[[ Listed entries, beginning ]]
(* Suppose the Markov chain $\Xi$ on $\mathbb X\subseteq\mathbb R_+$ satisfies $(\mathrm T_{\alpha,\beta,c})$ and that $\liminf_{x\to\infty}(x^\gamma\mu(x))>-\infty$ for some $\gamma$ with $0\le\gamma<\alpha-1$. Then for every $q\ge\frac{\alpha}{1+\gamma}$, all $a$ sufficiently large, and all $x>a$, $\mathbb E_x[\tau_a^q]=\infty$.
   Context: $\theta:=\xi_1-\xi_0$; $\mathbb P_x,\mathbb E_x$ refer to the chain started at $x$; $y_+:=y\mathbf 1\{y\ge0\}$, $y_-:=-y\mathbf 1\{y<0\}$; $\mu(x):=\mathbb E_x[\theta]$; $\tau_a:=\min\{n\ge0:\xi_n\le a\}$. $(\mathrm T_{\alpha,\beta,c})$: there exist $\alpha\in(1,2)$, $\beta>\alpha$, $c>0$, $x_0\in\mathbb R_+$ with $\lim_{y\to\infty}\sup_{x\ge x_0}|y^\alpha\mathbb P_x[\theta_+>y]-c|=0$ and $\sup_{x\ge x_0}\mathbb E_x[\theta_-^\beta]<\infty$. *)

theory Defs
  imports "HOL-Probability.Probability"
begin

text \<open>Paths are streams of reals; P x is the law of the path
  (xi_0, xi_1, ...) when the chain is started at x, with coordinates xi_n = w !! n.
  The Markov property is expressed by the one-step recursion
  P x = (draw y from K x; then continue as the chain started at y, prefixed by x).\<close>
definition markov_chain_on ::
  "real set \<Rightarrow> (real \<Rightarrow> real measure) \<Rightarrow> (real \<Rightarrow> real stream measure) \<Rightarrow> bool" where
  "markov_chain_on X K P \<longleftrightarrow>
     X \<subseteq> {0..} \<and> X \<in> sets borel \<and>
     K \<in> borel \<rightarrow>\<^sub>M prob_algebra borel \<and>
     P \<in> borel \<rightarrow>\<^sub>M prob_algebra (stream_space borel) \<and>
     (\<forall>x\<in>X. emeasure (K x) X = 1) \<and>
     (\<forall>x\<in>X. P x = K x \<bind> (\<lambda>y. distr (P y) (stream_space borel) (\<lambda>w. x ## w)))"

definition theta :: "real stream \<Rightarrow> real" where
  "theta w = w !! 1 - w !! 0"

definition pos_part :: "real \<Rightarrow> real" where "pos_part y = (if y \<ge> 0 then y else 0)"
definition neg_part :: "real \<Rightarrow> real" where "neg_part y = (if y < 0 then - y else 0)"

definition mu :: "(real \<Rightarrow> real stream measure) \<Rightarrow> real \<Rightarrow> real" where
  "mu P x = (\<integral>w. theta w \<partial>P x)"

definition hit_time :: "real \<Rightarrow> real stream \<Rightarrow> enat" where
  "hit_time a w = (if \<exists>n. w !! n \<le> a then enat (LEAST n. w !! n \<le> a) else \<infinity>)"

definition hit_time_pow :: "real \<Rightarrow> real \<Rightarrow> real stream \<Rightarrow> ennreal" where
  "hit_time_pow q a w = (case hit_time a w of enat n \<Rightarrow> ennreal (real n powr q) | \<infinity> \<Rightarrow> \<infinity>)"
[[ Listed entries, end ]]
■ Instructions for the task ■
Reproduce each line from the records that contains the word "ennreal".

■ Answer section ■
definition hit_time_pow :: "real \<Rightarrow> real \<Rightarrow> real stream \<Rightarrow> ennreal" where
  "hit_time_pow q a w = (case hit_time a w of enat n \<Rightarrow> ennreal (real n powr q) | \<infinity> \<Rightarrow> \<infinity>)"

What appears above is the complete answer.